Final answer:
To find the probability that the sample mean would be greater than 128.2 millimeters, we calculate the z-score and use a z-table or calculator to find the probability of a z-score less than that. The probability is approximately 0.9951, rounded to four decimal places.
Step-by-step explanation:
To find the mean and standard deviation for the sample, we first determine the standard deviation of the population using the variance given. The standard deviation is the square root of the variance, so in this case, it is √64, which equals 8 millimeters.
Next, we calculate the standard error of the mean by dividing the standard deviation of the population by the square root of the sample size. Since the sample size is 39, the standard error of the mean is 8 / √39, which is approximately 1.28 millimeters.
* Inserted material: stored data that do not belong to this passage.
text \<open>The social cost is at most twice the largest player cost, since both the congestion and
  the dilation term are attained by some player.\<close>
lemma social_cost_le_twice_max_cost:
  assumes "N \<ge> 1" and cost: "\<And>i. i \<in> {1..N} \<Longrightarrow> real (player_cost N p i) \<le> B"
  shows "real (social_cost N p) \<le> 2 * B"
proof -
  have ne: "{1..N} \<noteq> {}" using assms(1) by simp
  have "Cbar N p \<in> (\<lambda>i. Cbar_path N p (p i)) ` {1..N}"
    unfolding Cbar_def using ne by (intro Max_in) auto
  then obtain i where i: "i \<in> {1..N}" "Cbar N p = Cbar_path N p (p i)" by blast
  have "Dbar_max N p \<in> (\<lambda>i. Dbar (p i)) ` {1..N}"
    unfolding Dbar_max_def using ne by (intro Max_in) auto
  then obtain k where k: "k \<in> {1..N}" "Dbar_max N p = Dbar (p k)" by blast
  have "social_cost N p \<le> player_cost N p i + player_cost N p k"
    using i k unfolding social_cost_def player_cost_def by simp
  then have "real (social_cost N p) \<le> real (player_cost N p i) + real (player_cost N p k)" by simp
  with cost[OF i(1)] cost[OF k(1)] show ?thesis by linarith
qed

lemma cost_terms_le:
  fixes c d L :: real
  assumes "c \<ge> 1" "d \<ge> 1" "L \<ge> 1"
  shows "2 * c * d + 2 * d + 1 + 3 * d * L \<le> 8 * c * d * L\<^sup>2"
proof -
  have "L * 1 \<le> L * L" using assms(3) by (intro mult_left_mono) auto
  then have "L \<le> L\<^sup>2" by (simp add: power2_eq_square)
  then have L2: "L \<le> L\<^sup>2" "1 \<le> L\<^sup>2" using assms(3) by linarith+
  have "1 * d \<le> c * d" using assms by (intro mult_right_mono) auto
  then have cd: "1 \<le> c * d" "d \<le> c * d" using assms(2) by linarith+
  have "c * d * 1 \<le> c * d * L\<^sup>2" using cd L2 by (intro mult_left_mono) auto
  moreover have "d * L \<le> c * d * L\<^sup>2"
    using mult_mono[OF cd(2) L2(1)] assms by simp
  ultimately show ?thesis using cd by simp
qed

locale nash_vs_optimum =
  fixes V :: "nat set" and E :: "nat set set" and N :: nat and P :: "nat \<Rightarrow> nat list set"
    and src dst :: "nat \<Rightarrow> nat" and s p :: "nat \<Rightarrow> nat list"
  assumes game: "routing_game V E N P src dst" and two_nodes: "card V \<ge> 2"
    and optimal: "optimal_routing N P s" and nash: "nash_routing N P p"
begin

abbreviation Cs :: nat where "Cs \<equiv> Cbar N s"
abbreviation Ds :: nat where "Ds \<equiv> Dbar_max N s"

definition uses :: "nat \<Rightarrow> nat set \<times> nat \<Rightarrow> bool" where
  "uses j a \<longleftrightarrow> fst a \<in> path_edges (p j) \<and> bucket (p j) = snd a"

definition load :: "nat set \<Rightarrow> nat \<Rightarrow> nat" where
  "load f b = card {j\<in>{1..N}. uses j (f, b)}"

definition opt_buckets :: "nat set" where
  "opt_buckets = (\<lambda>j. bucket (s j)) ` {1..N}"

definition heavy :: "nat \<Rightarrow> (nat set \<times> nat) set" where
  "heavy t = {(f, b). f \<in> E \<and> b \<in> opt_buckets \<and> t \<le> load f b}"

definition heavy_users :: "nat \<Rightarrow> nat set" where
  "heavy_users u = {j\<in>{1..N}. \<exists>a\<in>heavy u. uses j a}"

lemma finite_V: "finite V"
  using game unfolding routing_game_def simple_graph_def by auto

lemma players_nonempty: "N \<ge> 1"
  using game unfolding routing_game_def by auto

lemma nash_path: "j \<in> {1..N} \<Longrightarrow> simple_path V E (src j) (dst j) (p j)"
  using game nash unfolding routing_game_def nash_routing_def is_routing_def by blast

lemma optimal_path: "j \<in> {1..N} \<Longrightarrow> simple_path V E (src j) (dst j) (s j)"
  using game optimal unfolding routing_game_def optimal_routing_def is_routing_def by blast

lemma Dbar_opt_le: "j \<in> {1..N} \<Longrightarrow> Dbar (s j) \<le> Ds"
  unfolding Dbar_max_def by (intro Max_ge) auto

lemma Ds_pos: "Ds \<ge> 1"
  using Dbar_opt_le[of 1] players_nonempty Dbar_pos[of "s 1"] by auto

lemma optimal_load_le: "card {i\<in>{1..N}. f \<in> path_edges (s i) \<and> bucket (s i) = b} \<le> Cs"
proof (cases "\<exists>j\<in>{1..N}. f \<in> path_edges (s j) \<and> bucket (s j) = b")
  case True
  then obtain j where j: "j \<in> {1..N}" "f \<in> path_edges (s j)" "b = bucket (s j)" by blast
  have "Cbar_edge N s f (s j) \<le> Cs"
    using edge_count_le_Cbar_path[OF j(2)] Cbar_path_le_Cbar[OF j(1)] by (rule le_trans)
  then show ?thesis using j unfolding Cbar_edge_def by simp
next
  case False
  then have "{i\<in>{1..N}. f \<in> path_edges (s i) \<and> bucket (s i) = b} = {}" by blast
  then show ?thesis by (metis card.empty le0)
qed

lemma Cs_pos: "Cs \<ge> 1"
proof -
  have j: "1 \<in> {1..N}" using players_nonempty by simp
  obtain f where f: "f \<in> path_edges (s 1)"
    using simple_path_facts(4)[OF optimal_path[OF j] finite_V] by blast
  have "{i\<in>{1..N}. f \<in> path_edges (s i) \<and> bucket (s i) = bucket (s 1)} \<noteq> {}" using f j by auto
  then have "1 \<le> Cbar_edge N s f (s 1)" unfolding Cbar_edge_def by (simp add: Suc_le_eq card_gt_0_iff)
  also have "\<dots> \<le> Cs"
    using edge_count_le_Cbar_path[OF f] Cbar_path_le_Cbar[OF j] by (rule le_trans)
  finally show ?thesis .
qed

lemma cost_lower:
  assumes "j \<in> {1..N}" "e \<in> path_edges (p j)"
  shows "load e (bucket (p j)) + Dbar (p j) \<le> player_cost N p j"
  using edge_count_le_Cbar_path[OF assms(2), of N p]
  unfolding player_cost_def Cbar_edge_def load_def uses_def by simp

text \<open>Nash stability: deviating to the optimal path adds at most one player to each of its
  edges, so the cost is bounded by the load on some optimal edge plus 1 + Ds.\<close>
lemma cost_upper:
  assumes j: "j \<in> {1..N}"
  obtains f where "f \<in> path_edges (s j)" "player_cost N p j \<le> load f (bucket (s j)) + 1 + Ds"
proof -
  define p' where "p' = p(j := s j)"
  have "s j \<in> P j" using optimal j unfolding optimal_routing_def is_routing_def by blast
  then have stable: "player_cost N p j \<le> player_cost N p' j"
    using nash j unfolding nash_routing_def p'_def by blast
  have "path_edges (s j) \<noteq> {}" using simple_path_facts(4)[OF optimal_path[OF j] finite_V] .
  then have "Cbar_path N p' (s j) \<in> (\<lambda>e. Cbar_edge N p' e (s j)) ` path_edges (s j)"
    unfolding Cbar_path_def by (intro Max_in) (auto simp: finite_path_edges)
  then obtain f where f: "f \<in> path_edges (s j)" and max: "Cbar_path N p' (s j) = Cbar_edge N p' f (s j)"
    by blast
  have "{i\<in>{1..N}. f \<in> path_edges (p' i) \<and> bucket (p' i) = bucket (s j)}
        \<subseteq> insert j {i\<in>{1..N}. f \<in> path_edges (p i) \<and> bucket (p i) = bucket (s j)}"
    unfolding p'_def by auto
  then have "Cbar_edge N p' f (s j)
      \<le> card (insert j {i\<in>{1..N}. f \<in> path_edges (p i) \<and> bucket (p i) = bucket (s j)})"
    unfolding Cbar_edge_def by (intro card_mono) auto
  also have "\<dots> \<le> load f (bucket (s j)) + 1"
    unfolding load_def uses_def by (simp add: card_insert_if)
  finally have "Cbar_edge N p' f (s j) \<le> load f (bucket (s j)) + 1" .
  then have "player_cost N p' j \<le> load f (bucket (s j)) + 1 + Ds"
    using max Dbar_opt_le[OF j] unfolding player_cost_def p'_def by simp
  with stable f show thesis using that by simp
qed
lemma clip01_comp_in_CPstar:
  assumes "closed_ideal P" "f \<in> CP P" "continuous_on UNIV \<phi>"
  shows "(\<lambda>x. clip01 (\<phi> (f x))) \<in> CPstar P"
proof -
  have "(\<lambda>x. clip01 (\<phi> (f x))) \<in> CP P"
    using comp_in_CP[OF assms(1,2), of "\<lambda>t. clip01 (\<phi> t)"] assms(3)
    by (simp add: continuous_intros)
  moreover have "\<bar>clip01 t\<bar> \<le> 1" for t
    by (simp add: clip01_def)
  ultimately show ?thesis
    unfolding CPstar_def by blast
qed

lemma clip01_factors_in_CP:
  assumes "closed_ideal P" "f \<in> CP P"
  shows "(\<lambda>x. clip01 (1 - 2 * f x)) \<in> CP P" "(\<lambda>x. clip01 (2 * f x - 1)) \<in> CP P"
    and "(\<lambda>x. clip01 (1 - 2 * f x)) * (\<lambda>x. clip01 (2 * f x - 1)) = 0"
proof -
  have "continuous_on UNIV (\<lambda>t. 1 - 2 * t :: real)" "continuous_on UNIV (\<lambda>t. 2 * t - 1 :: real)"
    by (intro continuous_intros)+
  then show "(\<lambda>x. clip01 (1 - 2 * f x)) \<in> CP P" "(\<lambda>x. clip01 (2 * f x - 1)) \<in> CP P"
    using clip01_comp_in_CPstar[OF assms] CPstar_subset_CP by blast+
  show "(\<lambda>x. clip01 (1 - 2 * f x)) * (\<lambda>x. clip01 (2 * f x - 1)) = 0"
    by (simp add: fun_eq_iff clip01_mult_clip01_eq_0)
qed

lemma tauP_zero_dim_if_clip_clean:
  assumes P: "closed_ideal P" and S: "S \<subseteq> CP P"
    and clean: "\<And>f. f \<in> CP P \<Longrightarrow>
      clean_in S (\<lambda>x. clip01 (1 - 2 * f x)) \<or> clean_in S (\<lambda>x. clip01 (2 * f x - 1))"
  shows "tauP_zero_dim P"
  unfolding tauP_zero_dim_def P_compl_sep_def
proof (intro allI impI)
  fix A B assume "\<exists>f\<in>CP P. f ` A \<subseteq> {0} \<and> f ` B \<subseteq> {1}"
  then obtain f where f: "f \<in> CP P" and A: "f ` A \<subseteq> {0}" and B: "f ` B \<subseteq> {1}" by blast
  have down_A: "(\<lambda>x. clip01 (1 - 2 * f x)) ` A \<subseteq> {1}"
    and down_B: "(\<lambda>x. clip01 (1 - 2 * f x)) ` B \<subseteq> {0}"
    and up_A: "(\<lambda>x. clip01 (2 * f x - 1)) ` A \<subseteq> {0}"
    and up_B: "(\<lambda>x. clip01 (2 * f x - 1)) ` B \<subseteq> {1}"
    using A B by (auto simp: clip01_def)
  from clean[OF f] show "\<exists>U. tauP_clopen P U \<and> A \<subseteq> U \<and> U \<subseteq> - B"
  proof
    assume "clean_in S (\<lambda>x. clip01 (1 - 2 * f x))"
    then obtain U where "tauP_clopen P U" "B \<subseteq> U" "U \<subseteq> - A"
      using clopen_separation_if_clean[OF P S _ down_B down_A] by blast
    then show ?thesis using tauP_clopen_Compl by blast
  next
    assume "clean_in S (\<lambda>x. clip01 (2 * f x - 1))"
    then show ?thesis using clopen_separation_if_clean[OF P S _ up_A up_B] by blast
  qed
qed

lemma tauP_zero_dim_if_clean_ring:
  assumes P: "closed_ideal P" and "CPstar P \<subseteq> S" "S \<subseteq> CP P" and "clean_ring S"
  shows "tauP_zero_dim P"
proof (rule tauP_zero_dim_if_clip_clean[OF P \<open>S \<subseteq> CP P\<close>])
  fix f assume "f \<in> CP P"
  moreover have "continuous_on UNIV (\<lambda>t. 2 * t - 1 :: real)"
    by (intro continuous_intros)
  ultimately have "(\<lambda>x. clip01 (2 * f x - 1)) \<in> S"
    using \<open>CPstar P \<subseteq> S\<close> clip01_comp_in_CPstar[OF P] by blast
  then show "clean_in S (\<lambda>x. clip01 (1 - 2 * f x)) \<or> clean_in S (\<lambda>x. clip01 (2 * f x - 1))"
    using \<open>clean_ring S\<close> unfolding clean_ring_def by blast
qed

lemma tauP_zero_dim_if_zero_divisors_clean:
  assumes P: "closed_ideal P" and zd: "\<forall>f. zero_divisor_in (CP P) f \<longrightarrow> clean_in (CP P) f"
  shows "tauP_zero_dim P"
proof (rule tauP_zero_dim_if_clip_clean[OF P subset_refl])
  fix f assume f: "f \<in> CP P"
  note factors = clip01_factors_in_CP[OF P f]
  show "clean_in (CP P) (\<lambda>x. clip01 (1 - 2 * f x)) \<or> clean_in (CP P) (\<lambda>x. clip01 (2 * f x - 1))"
  proof (cases "(\<lambda>x. clip01 (2 * f x - 1)) = 0")
    case True
    then show ?thesis
      using clean_in_zero zero_in_CP[OF P] one_in_CP[OF P] uminus_in_CP[OF P] by metis
  next
    case False
    then have "zero_divisor_in (CP P) (\<lambda>x. clip01 (1 - 2 * f x))"
      unfolding zero_divisor_in_def using factors by blast
    then show ?thesis using zd by blast
  qed
qed

lemma tauP_zero_dim_if_clean_prime_ideal:
  assumes P: "closed_ideal P" and I: "prime_ideal_in (CP P) I" and clean: "\<forall>f\<in>I. clean_in (CP P) f"
  shows "tauP_zero_dim P"
proof (rule tauP_zero_dim_if_clip_clean[OF P subset_refl])
  fix f assume f: "f \<in> CP P"
  note factors = clip01_factors_in_CP[OF P f]
  have "(\<lambda>x. clip01 (1 - 2 * f x)) \<in> I \<or> (\<lambda>x. clip01 (2 * f x - 1)) \<in> I"
    using I factors unfolding prime_ideal_in_def by metis
  then show "clean_in (CP P) (\<lambda>x. clip01 (1 - 2 * f x)) \<or> clean_in (CP P) (\<lambda>x. clip01 (2 * f x - 1))"
    using clean by blast
qed

lemma clopen_between_thirds:
  assumes P: "closed_ideal P" and zd: "tauP_zero_dim P" and f: "f \<in> CP P"
  obtains V where "tauP_clopen P V" "{x. f x \<le> 1/3} \<subseteq> V" "V \<subseteq> {x. f x < 2/3}"
proof -
  have "P_compl_sep P {x. f x \<le> 1/3} {x. f x \<ge> 2/3}"
    unfolding P_compl_sep_def
  proof (intro bexI conjI)
    show "(\<lambda>x. clip01 (3 * f x - 1)) \<in> CP P"
      using comp_in_CP[OF P f, of "\<lambda>t. clip01 (3 * t - 1)"] by (simp add: continuous_intros)
  qed (auto simp: clip01_def)
  then show ?thesis
    using zd that unfolding tauP_zero_dim_def by fastforce
qed

lemma abs_diff_indicator_ge_third:
  fixes f :: "'a \<Rightarrow> real"
  assumes "{x. f x \<le> 1/3} \<subseteq> V" "V \<subseteq> {x. f x < 2/3}"
  shows "1/3 \<le> \<bar>f x - indicator V x\<bar>"
proof (cases "x \<in> V")
  case True
  then have "f x < 2/3" using assms(2) by blast
  with True show ?thesis by simp
next
  case False
  then have "f x > 1/3" using assms(1) by force
  with False show ?thesis by simp
qed

lemma clean_in_CP_if_clopen_between:
  assumes P: "closed_ideal P" and f: "f \<in> CP P" and V: "tauP_clopen P V"
    and "{x. f x \<le> 1/3} \<subseteq> V" "V \<subseteq> {x. f x < 2/3}"
  shows "clean_in (CP P) f"
proof -
  have e: "indicator V \<in> CP P" using indicator_in_CP_iff[OF P] V by blast
  have "(f - indicator V) x \<noteq> 0" for x
    using abs_diff_indicator_ge_third[OF assms(4,5), of x] by (auto simp: fun_diff_def)
  then have "unit_in (CP P) (f - indicator V)"
    using unit_in_CP_if_nonzero[OF P diff_in_CP[OF P f e]] by blast
  moreover have "indicator V * indicator V = (indicator V :: _ \<Rightarrow> real)"
    by (simp add: fun_eq_iff indicator_def)
  ultimately show ?thesis
    unfolding clean_in_def using f e by (metis diff_add_cancel)
qed

lemma clean_in_CPstar_if_clopen_between:
  assumes P: "closed_ideal P" and f: "f \<in> CPstar P" and V: "tauP_clopen P V"
    and "{x. f x \<le> 1/3} \<subseteq> V" "V \<subseteq> {x. f x < 2/3}"
  shows "clean_in (CPstar P) f"
proof -
  obtain M where M: "\<forall>x. \<bar>f x\<bar> \<le> M" and fCP: "f \<in> CP P"
    using f unfolding CPstar_def by blast
  have eCP: "indicator V \<in> CP P" using indicator_in_CP_iff[OF P] V by blast
  have "\<bar>indicator V x :: real\<bar> \<le> 1" for x
    by (simp add: indicator_def)
  with eCP have e: "indicator V \<in> CPstar P"
    unfolding CPstar_def by blast
  have "\<bar>(f - indicator V) x\<bar> \<le> M + 1" for x
    using M[rule_format, of x] by (auto simp: indicator_def)
  then have u: "f - indicator V \<in> CPstar P"
    using diff_in_CP[OF P fCP eCP] unfolding CPstar_def by blast
  have "1/3 \<le> \<bar>(f - indicator V) x\<bar>" for x
    using abs_diff_indicator_ge_third[OF assms(4,5), of x] by simp
  then have "unit_in (CPstar P) (f - indicator V)"
    using unit_in_CPstar_if_bounded_away_from_zero[OF P u, of "1/3"] by simp
  moreover have "indicator V * indicator V = (indicator V :: _ \<Rightarrow> real)"
    by (simp add: fun_eq_iff indicator_def)
  ultimately show ?thesis
    unfolding clean_in_def using f e by (metis diff_add_cancel)
qed

lemma clean_ring_if_tauP_zero_dim:
  assumes P: "closed_ideal P" and zd: "tauP_zero_dim P"
  shows "clean_ring (CP P)" and "clean_ring (CPstar P)"
  unfolding clean_ring_def
proof safe
  fix f assume "f \<in> CP P"
  with clopen_between_thirds[OF P zd] show "clean_in (CP P) f"
    using clean_in_CP_if_clopen_between[OF P] by metis
next
  fix f assume "f \<in> CPstar P"
  with clopen_between_thirds[OF P zd] show "clean_in (CPstar P) f"
    using clean_in_CPstar_if_clopen_between[OF P] CPstar_subset_CP by (metis subsetD)
qed

lemma clean_ring_if_clean_elements_subring:
  assumes P: "closed_ideal P" and S: "is_subring {f. clean_in (CP P) f} (CP P)"
  shows "clean_ring (CP P)"
  unfolding clean_ring_def
proof
  fix f assume f: "f \<in> CP P"
  define u\<^sub>1 where "u\<^sub>1 = (\<lambda>x. max (f x) 0 + 1)"
  define u\<^sub>2 where "u\<^sub>2 = (\<lambda>x. min (f x) 0 - 1)"
  have "u\<^sub>1 \<in> CP P" "u\<^sub>2 \<in> CP P"
    unfolding u\<^sub>1_def u\<^sub>2_def
    using comp_in_CP[OF P f, of "\<lambda>t. max t 0 + 1"] comp_in_CP[OF P f, of "\<lambda>t. min t 0 - 1"]
    by (simp_all add: continuous_intros)
  moreover have "\<forall>x. u\<^sub>1 x \<noteq> 0" "\<forall>x. u\<^sub>2 x \<noteq> 0"
    unfolding u\<^sub>1_def u\<^sub>2_def by (auto simp: max_def min_def)
  ultimately have "clean_in (CP P) u\<^sub>1" "clean_in (CP P) u\<^sub>2"
    using unit_in_CP_if_nonzero[OF P] clean_in_if_unit_in zero_in_CP[OF P] by blast+
  then have "u\<^sub>1 + u\<^sub>2 \<in> {f. clean_in (CP P) f}"
    using S unfolding is_subring_def by blast
  moreover have "f = u\<^sub>1 + u\<^sub>2"
    unfolding u\<^sub>1_def u\<^sub>2_def by (simp add: fun_eq_iff max_def min_def)
  ultimately show "clean_in (CP P) f" by simp
qed

theorem theorem3p7:
  fixes P :: "'a::t1_space set set"
  assumes "closed_ideal P"
  shows "(clean_ring (CP P) \<longleftrightarrow> clean_ring (CPstar P))
    \<and> (clean_ring (CP P) \<longleftrightarrow> is_subring {f. clean_in (CP P) f} (CP P))
    \<and> (clean_ring (CP P) \<longleftrightarrow> tauP_zero_dim P)
    \<and> (clean_ring (CP P) \<longleftrightarrow> (\<forall>f. zero_divisor_in (CP P) f \<longrightarrow> clean_in (CP P) f))
    \<and> (clean_ring (CP P) \<longleftrightarrow> (\<exists>I. prime_ideal_in (CP P) I \<and> (\<forall>f\<in>I. clean_in (CP P) f)))"
proof -
  note P = assms
  have "is_subring {f. clean_in (CP P) f} (CP P)"
    and "\<exists>I. prime_ideal_in (CP P) I \<and> (\<forall>f\<in>I. clean_in (CP P) f)"
    and "\<forall>f. zero_divisor_in (CP P) f \<longrightarrow> clean_in (CP P) f"
    if "clean_ring (CP P)"
  proof -
    have clean: "{f. clean_in (CP P) f} = CP P"
      using that unfolding clean_ring_def clean_in_def by blast
    then show "is_subring {f. clean_in (CP P) f} (CP P)"
      using is_subring_CP[OF P] by simp
    show "\<exists>I. prime_ideal_in (CP P) I \<and> (\<forall>f\<in>I. clean_in (CP P) f)"
      using prime_ideal_in_CP_vanishing_at[OF P] clean by blast
    show "\<forall>f. zero_divisor_in (CP P) f \<longrightarrow> clean_in (CP P) f"
      using clean unfolding zero_divisor_in_def by blast
  qed
  then show ?thesis
    using clean_ring_if_tauP_zero_dim[OF P] clean_ring_if_clean_elements_subring[OF P]
      tauP_zero_dim_if_clean_ring[OF P CPstar_subset_CP subset_refl]
      tauP_zero_dim_if_clean_ring[OF P subset_refl CPstar_subset_CP]
      tauP_zero_dim_if_zero_divisors_clean[OF P] tauP_zero_dim_if_clean_prime_ideal[OF P]
    by blast
qed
Finally, to find the probability that the sample mean would be greater than 128.2 millimeters, we calculate the z-score using the formula: (sample mean - population mean) / standard error of the mean.
Plugging in the values, we get a z-score of (128.2 - 132) / 1.28, which is approximately -2.656.
Using a z-table or a calculator, we can find that the probability of a z-score less than -2.656 is approximately 0.0049. Therefore, the probability that the sample mean would be greater than 128.2 millimeters is 1 - 0.0049, which is approximately 0.9951, rounded to four decimal places.